[Ip-health] Science: CRISPR, surrogate licensing, and scientific discovery

Zack Struver zack.struver at keionline.org
Fri Feb 17 10:42:47 PST 2017

Very thoughtful article from Contreras & Sherkow in Science that looks at
the reasons why exclusive licensing of CRISPR patents is contrary to the
public interest.


CRISPR, surrogate licensing, and scientific discovery
Jorge L. Contreras, Jacob S. Sherkow


We reviewed all of the CRISPR surrogate license agreements made publicly
available through filings with the U.S. Securities and Exchange Commission,
requests under state and federal “freedom-of-information” acts, and through
press releases and public announcements. In each of the principal surrogate
licenses that we reviewed, the patent-holding institution has granted its
surrogate the exclusive right to use CRISPR to develop human therapeutics
targeting any of the 20,000+ genes that comprise the human genome. Because
no single company could develop, test, and market therapeutics on the basis
of even a fraction of the entire human genome, the surrogates are
authorized and expected to sublicense their rights to others.
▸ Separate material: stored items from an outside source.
(* Every $\lambda\in\Sigma_0$ is an eigenvalue of infinite multiplicity of the self-adjoint Hamiltonian $\mathcal{A}$. The corresponding eigenspace is the closed linear span of simple loop states, i.e. eigenfunctions $(u,\omega)$ whose edge part $u$ is supported on the six edges of a single hexagon and whose vertex values $\omega_v$ vanish at all vertices.
   Context: Fix $a>0$, $\kappa^{-1}\ge0$, $m\ge0$, $\rho:=a\kappa^{-1}$, real $q_0\in L^\infty(0,1)$ with $q_0(x)=q_0(1-x)$. $G$ is the hexagonal (honeycomb) lattice graph in $\mathbb R^2$ with edges of length 1, each identified with $[0,1]$ (potential $q_0$ on every edge); a hexagon is the 6-cycle bounding a face. For an edge $e$ and endpoint $v$, $\partial_nu_e(v)$ is the outward derivative ($-u_e'(0)$ at $x=0$, $u_e'(1)$ at $x=1$). Self-adjoint realization of $\mathcal A$: if $m>0$, on $\mathcal H=L^2(G)\oplus\ell^2(\mathcal V)$ with inner product $\sum_e\int_0^1u_e\bar w_e\,dx+m\sum_v\omega_v\bar\eta_v$, domain the pairs $(u,\omega)$ with $u_e\in H^2(0,1)$, $\sum_e\|u_e\|_{H^2}^2<\infty$, $\omega\in\ell^2(\mathcal V)$ and $u_e(v)+\rho\,\partial_nu_e(v)=\omega_v$ for every vertex $v$ and every edge $e\ni v$; $\mathcal A(u,\omega)=\big((-au_e''+q_0u_e)_e,\ (m^{-1}a\sum_{e\ni v}\partial_nu_e(v))_v\big)$. If $m=0$: on $L^2(G)$, $u\mapsto(-au_e''+q_0u_e)_e$ with domain the $u$ with $u_e\in H^2$, $\sum_e\|u_e\|^2_{H^2}<\infty$, such that at every vertex $u_e(v)+\rho\partial_nu_e(v)=:\omega_v$ is independent of $e\ni v$ and $\sum_{e\ni v}\partial_nu_e(v)=0$. Thus eigenfunctions satisfy $-au_e''+q_0u_e=\lambda u_e$, the semi-rigidity conditions, and $a\sum_{e\ni v}\partial_nu_e(v)=\lambda m\omega_v$. $\Sigma_0$: set of $\lambda\in\mathbb R$ for which $-au''+q_0u=\lambda u$ on $(0,1)$, $u(0)-\rho u'(0)=0$, $u(1)+\rho u'(1)=0$ has a nontrivial solution. *)

theory Defs
  imports "HOL-Analysis.Analysis"
begin

text \<open>Vertices: two sublattices A (flag True) and B (flag False), indexed by a cell in Z^2.
  Edges: ((p,q),d) joins the A-vertex of cell (p,q) with the B-vertex of cell (p,q) - delta d,
  where delta D0 = (0,0), delta D1 = (1,0), delta D2 = (0,1).  Every vertex has degree 3.
  Each edge is identified with [0,1]: x = 0 is the A-end (tail), x = 1 is the B-end (head).\<close>

datatype dir = D0 | D1 | D2

type_synonym vertex = "(int \<times> int) \<times> bool"
type_synonym edge = "(int \<times> int) \<times> dir"

fun delta :: "dir \<Rightarrow> int \<times> int" where
  "delta D0 = (0, 0)"
| "delta D1 = (1, 0)"
| "delta D2 = (0, 1)"

definition tail :: "edge \<Rightarrow> vertex" where
  "tail e = (fst e, True)"

definition head :: "edge \<Rightarrow> vertex" where
  "head e = ((fst (fst e) - fst (delta (snd e)), snd (fst e) - snd (delta (snd e))), False)"

text \<open>The hexagon (face) attached to cell (i,j): the 6-cycle
  A(i,j) - B(i,j) - A(i+1,j) - B(i+1,j-1) - A(i+1,j-1) - B(i,j-1) - A(i,j).
  These are exactly the faces of the honeycomb.\<close>

definition hexagon :: "int \<times> int \<Rightarrow> edge set" where
  "hexagon c = (case c of (i, j) \<Rightarrow>
     {((i, j), D0), ((i + 1, j), D1), ((i + 1, j), D2),
      ((i + 1, j - 1), D0), ((i + 1, j - 1), D1), ((i, j), D2)})"

text \<open>H2_triple y y1 y2: y belongs to H^2(0,1), with y1 its (classical) derivative on [0,1]
  (one-sided at the endpoints), y1 absolutely continuous with y1(x) = y1(0) + int_0^x y2,
  and the weak second derivative y2 in L^2(0,1).\<close>

definition H2_triple :: "(real \<Rightarrow> complex) \<Rightarrow> (real \<Rightarrow> complex) \<Rightarrow> (real \<Rightarrow> complex) \<Rightarrow> bool" where
  "H2_triple y y1 y2 \<longleftrightarrow>
     (\<forall>x\<in>{0..1}. (y has_vector_derivative y1 x) (at x within {0..1})) \<and>
     set_borel_measurable lborel {0..1} y2 \<and>
     set_integrable lborel {0..1} (\<lambda>x. (cmod (y2 x))\<^sup>2) \<and>
     (\<forall>x\<in>{0..1}. (y2 has_integral (y1 x - y1 0)) {0..x})"

definition solves_ode :: "real \<Rightarrow> (real \<Rightarrow> real) \<Rightarrow> real \<Rightarrow> (real \<Rightarrow> complex) \<Rightarrow> (real \<Rightarrow> complex) \<Rightarrow> bool" where
  "solves_ode a q0 lam y y2 \<longleftrightarrow>
     (AE x in lborel. x \<in> {0..1} \<longrightarrow>
        - of_real a * y2 x + of_real (q0 x) * y x = of_real lam * y x)"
Despite this, it is still unlikely that any of the surrogate companies
could explore a significant fraction of the potential human health
applications that CRISPR could enable, even with a range of experienced
commercial partners and collaborators. If an unlicensed company has the
expertise and wherewithal to develop a novel human therapy using
CRISPR—even if that therapy concerns a previously unexplored gene—that
company might not be able to obtain the sublicense necessary to undertake
this work. In some instances, such as the license to Editas from the Broad
Institute of MIT and Harvard, the institution retains some right to
entertain proposals from other companies if the surrogate is not pursuing
work on a specific gene and does not plan to do so in the future. The scope
of this limitation, however, is narrow and still leaves all “unclaimed”
portions of the genome in the surrogate's hands.



CRISPR is a broadly applicable, enabling technology platform, similar in
many respects to “research tools”: equipment, reagents, and methods that
enable a broad range of downstream research (9). Exclusive rights in
research tools are generally unnecessary for commercialization of
downstream products developed using them. Rather, exclusive licenses are
only needed with respect to specific therapeutic uses discovered using
those tools. For example, a molecular drug target may be discovered using
research tools like the polymerase chain reaction (PCR) but then require
considerable and costly product development, clinical trials, and
regulatory approval before it can be marketed (9).

For this reason, in 1999 the U.S. National Institutes of Health (NIH)
recommended that patents on research tools developed using federal funding
be licensed nonexclusively to promote their greatest utilization,
commercialization, and public availability (9). In 2007, eleven major U.S.
research universities—including the University of California, Berkeley
(UCB), Harvard, and Massachusetts Institute of Technology (MIT), all of
which have made CRISPR patent claims—committed to a set of core licensing
values, known as the “Nine Points,” one of which states that universities
should make patented research tools as broadly available as possible (10).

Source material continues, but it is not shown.